Segment Open
(* Let $X$ be a real random variable with density $p$, $\mathbb{E}X=0$, $\mathrm{Var}(X)=1$, $\mathbb{E}|X|^s<\infty$ for some $s>2$, and $\|p-\phi\|_\infty\le1/2$. Then there exists $C_1>0$ such that for every $\varepsilon>0$, \[ D(X)\le C_1(\mathbb{E}|X|^s)^{2/s}\Big(\sqrt{|\ln\|p-\phi\|_\infty|}\,\|p-\phi\|_\infty\Big)^{1-2/s}\le C_1M(\varepsilon)(\mathbb{E}|X|^s)^{2/s}\|p-\phi\|_\infty^{(1-2/s)(1-\varepsilon)}, \] where $M(\varepsilon):=\max_{x\in[0,1]}x^\varepsilon\sqrt{|\ln x|}+1<\infty$.
   Context: $\phi(x)=(2\pi)^{-1/2}e^{-x^2/2}$. $D(X)$ denotes the Kullback–Leibler divergence of $X$ from a Gaussian with the same mean and variance as $X$; here $D(X)=\int p\ln(p/\phi)$. $\|\cdot\|_\infty$ is the sup norm on $\mathbb{R}$. *)

theory Defs
  imports "HOL-Probability.Probability"
begin

definition sup_norm :: "(real \<Rightarrow> real) \<Rightarrow> real" where
  "sup_norm f = (SUP x. \<bar>f x\<bar>)"

definition D_gauss :: "(real \<Rightarrow> real) \<Rightarrow> real" where
  "D_gauss p = (LINT x|lborel. p x * ln (p x / std_normal_density x))"

definition M_eps :: "real \<Rightarrow> real" where
  "M_eps \<epsilon> = (SUP x\<in>{0..1}. x powr \<epsilon> * sqrt \<bar>ln x\<bar>) + 1"

end

theory Submission
  imports Defs
begin

(* Put R = sqrt (2 |ln t|) with t = ||p - phi||_inf, so that phi is of size t at R.
   On [-R, R] the chi-square bound p ln (p/phi) - p + phi <= (p - phi)^2 / phi
   <= t^2 sqrt (2 pi) exp (x^2/2) <= t sqrt (2 pi) contributes O(t R).
   On |x| > R, p <= 1 gives p ln (p/phi) <= p (ln sqrt (2 pi) + x^2/2); the tail masses of
   phi and of p are O(t R), and Hoelder's inequality with exponents s/2 and s/(s-2) bounds
   the tail second moment by a multiple of (E|X|^s)^(2/s) (t R)^(1-2/s).  The second inequality only
   uses that x^eps sqrt |ln x| is bounded on [0,1]. *)

lemma square_le_Young_powr:
  fixes s x \<mu> :: real
  assumes s: "s > 2" and \<mu>: "\<mu> > 0"
  shows "x\<^sup>2 \<le> (2/s) * (\<bar>x\<bar> powr s / \<mu>) + (1 - 2/s) * \<mu> powr (2/(s-2))"
proof (cases "x = 0")
  case True
  then show ?thesis using s \<mu> by simp
next
  case False
  have "(\<bar>x\<bar> powr s / \<mu>) powr (2/s) = x\<^sup>2 * \<mu> powr (-2/s)"
    using s \<mu> False by (simp add: powr_divide powr_powr powr_minus divide_simps powr_numeral)
  moreover have "(\<mu> powr (2/(s-2))) powr (1 - 2/s) = \<mu> powr (2/s)"
  proof -
    have "2/(s-2) * (1 - 2/s) = 2/s" using s by (simp add: field_simps)
    then show ?thesis by (simp add: powr_powr)
  qed
  moreover have "\<mu> powr (-2/s) * \<mu> powr (2/s) = 1"
    using \<mu> by (simp flip: powr_add)
  ultimately have "x\<^sup>2 = (\<bar>x\<bar> powr s / \<mu>) powr (2/s) * (\<mu> powr (2/(s-2))) powr (1 - 2/s)"
    by (metis mult.assoc mult.right_neutral)
  also have "\<dots> \<le> (2/s) * (\<bar>x\<bar> powr s / \<mu>) + (1 - 2/s) * \<mu> powr (2/(s-2))"
    using s \<mu> False by (intro Youngs_inequality_0) auto
  finally show ?thesis .
qed

lemma Young_powr_minimum:
  fixes s m Q :: real
  assumes s: "s > 2" and m: "m > 0" and Q: "Q > 0"
  obtains \<mu> where "\<mu> > 0"
    and "(2/s) * (m/\<mu>) + (1 - 2/s) * \<mu> powr (2/(s-2)) * Q = m powr (2/s) * Q powr (1 - 2/s)"
proof
  define \<mu> where "\<mu> = (m/Q) powr (1 - 2/s)"
  show "\<mu> > 0" unfolding \<mu>_def using m Q by simp
  have "m/\<mu> = m powr (2/s) * Q powr (1 - 2/s)"
    unfolding \<mu>_def using m Q
    by (simp add: powr_divide powr_diff divide_simps flip: powr_add)
  moreover have "\<mu> powr (2/(s-2)) * Q = m powr (2/s) * Q powr (1 - 2/s)"
  proof -
    have "(1 - 2/s) * (2/(s-2)) = 2/s" using s by (simp add: field_simps)
    then have "\<mu> powr (2/(s-2)) = m powr (2/s) / Q powr (2/s)"
      unfolding \<mu>_def using m Q by (simp add: powr_powr powr_divide)
    then show ?thesis using Q by (simp add: powr_diff)
  qed
  ultimately show "(2/s) * (m/\<mu>) + (1 - 2/s) * \<mu> powr (2/(s-2)) * Q
      = m powr (2/s) * Q powr (1 - 2/s)"
    by (simp add: algebra_simps)
qed

lemma set_integral_square_le_Young:
  fixes p :: "real \<Rightarrow> real" and S :: "real set" and s \<mu> :: real
  assumes s: "s > 2" and \<mu>: "\<mu> > 0" and p0: "\<And>x. 0 \<le> p x" and S: "S \<in> sets borel"
    and p_int: "integrable lborel p"
    and sq_int: "integrable lborel (\<lambda>x. x\<^sup>2 * p x)"
    and s_int: "integrable lborel (\<lambda>x. \<bar>x\<bar> powr s * p x)"
  shows "(LINT x|lborel. indicator S x * (x\<^sup>2 * p x))
    \<le> (2/s) * ((LINT x|lborel. \<bar>x\<bar> powr s * p x) / \<mu>)
      + (1 - 2/s) * \<mu> powr (2/(s-2)) * (LINT x|lborel. indicator S x * p x)"
proof -
  have S_lborel: "S \<in> sets lborel" using S by simp
  have pointwise: "indicator S x * (x\<^sup>2 * p x)
      \<le> (2/s/\<mu>) * (\<bar>x\<bar> powr s * p x) + ((1 - 2/s) * \<mu> powr (2/(s-2))) * (indicator S x * p x)"
    for x
  proof (cases "x \<in> S")
    case True
    have "x\<^sup>2 * p x \<le> ((2/s) * (\<bar>x\<bar> powr s / \<mu>) + (1 - 2/s) * \<mu> powr (2/(s-2))) * p x"
      using square_le_Young_powr[OF s \<mu>] p0 by (rule mult_right_mono)
    then show ?thesis using True by (simp add: algebra_simps)
  next
    case False
    then show ?thesis using p0[of x] s \<mu> by simp
  qed
  have "(LINT x|lborel. indicator S x * (x\<^sup>2 * p x))
      \<le> (LINT x|lborel. (2/s/\<mu>) * (\<bar>x\<bar> powr s * p x)
            + ((1 - 2/s) * \<mu> powr (2/(s-2))) * (indicator S x * p x))"
    using integrable_mult_indicator[OF S_lborel sq_int] integrable_mult_indicator[OF S_lborel p_int]
    by (intro integral_mono pointwise Bochner_Integration.integrable_add integrable_mult_right s_int)
      simp_all
  also have "\<dots> = (2/s) * ((LINT x|lborel. \<bar>x\<bar> powr s * p x) / \<mu>)
      + (1 - 2/s) * \<mu> powr (2/(s-2)) * (LINT x|lborel. indicator S x * p x)"
    using s_int integrable_mult_indicator[OF S_lborel p_int] by simp
  finally show ?thesis .
qed

lemma set_integral_square_le_Holder:
  fixes p :: "real \<Rightarrow> real" and S :: "real set" and s Q :: real
  assumes s: "s > 2" and p0: "\<And>x. 0 \<le> p x" and S: "S \<in> sets borel"
    and p_int: "integrable lborel p"
    and sq_int: "integrable lborel (\<lambda>x. x\<^sup>2 * p x)"
    and s_int: "integrable lborel (\<lambda>x. \<bar>x\<bar> powr s * p x)"
    and m_pos: "(LINT x|lborel. \<bar>x\<bar> powr s * p x) > 0"
    and Q: "Q > 0" "(LINT x|lborel. indicator S x * p x) \<le> Q"
  shows "(LINT x|lborel. indicator S x * (x\<^sup>2 * p x))
    \<le> (LINT x|lborel. \<bar>x\<bar> powr s * p x) powr (2/s) * Q powr (1 - 2/s)"
proof -
  define m where "m = (LINT x|lborel. \<bar>x\<bar> powr s * p x)"
  obtain \<mu> where \<mu>: "\<mu> > 0"
    and opt: "(2/s) * (m/\<mu>) + (1 - 2/s) * \<mu> powr (2/(s-2)) * Q = m powr (2/s) * Q powr (1 - 2/s)"
    using Young_powr_minimum[OF s _ Q(1)] m_pos unfolding m_def by blast
  have "(LINT x|lborel. indicator S x * (x\<^sup>2 * p x))
      \<le> (2/s) * (m/\<mu>) + (1 - 2/s) * \<mu> powr (2/(s-2)) * (LINT x|lborel. indicator S x * p x)"
    unfolding m_def by (rule set_integral_square_le_Young[OF s \<mu> p0 S p_int sq_int s_int])
  also have "\<dots> \<le> (2/s) * (m/\<mu>) + (1 - 2/s) * \<mu> powr (2/(s-2)) * Q"
    using s Q(2) by (intro add_left_mono mult_left_mono) auto
  also note opt
  finally show ?thesis unfolding m_def .
qed

lemma abs_moment_ge_one:
  fixes p :: "real \<Rightarrow> real" and s :: real
  assumes s: "s > 2" and p0: "\<And>x. 0 \<le> p x"
    and p_int: "integrable lborel p" and p1: "(LINT x|lborel. p x) = 1"
    and sq_int: "integrable lborel (\<lambda>x. x\<^sup>2 * p x)" and sq1: "(LINT x|lborel. x\<^sup>2 * p x) = 1"
    and s_int: "integrable lborel (\<lambda>x. \<bar>x\<bar> powr s * p x)"
  shows "1 \<le> (LINT x|lborel. \<bar>x\<bar> powr s * p x)"
proof -
  have "1 \<le> (2/s) * (LINT x|lborel. \<bar>x\<bar> powr s * p x) + (1 - 2/s)"
    using set_integral_square_le_Young[OF s zero_less_one p0 sets.top p_int sq_int s_int]
    by (simp add: p1 sq1)
  then show ?thesis using s by (simp add: field_simps)
qed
Segment Closed
◆ **Directions for this task**:
Retype the portion of the data above that starts on the line with "define \<mu> where" and finishes on the line with "2/s) * (2/(s-2))", including both of those lines.

◆ **Task response**:
  define \<mu> where "\<mu> = (m/Q) powr (1 - 2/s)"
  show "\<mu> > 0" unfolding \<mu>_def using m Q by simp
  have "m/\<mu> = m powr (2/s) * Q powr (1 - 2/s)"
    unfolding \<mu>_def using m Q
    by (simp add: powr_divide powr_diff divide_simps flip: powr_add)
  moreover have "\<mu> powr (2/(s-2)) * Q = m powr (2/s) * Q powr (1 - 2/s)"
  proof -
    have "(1 - 2/s) * (2/(s-2)) = 2/s" using s by (simp add: field_simps)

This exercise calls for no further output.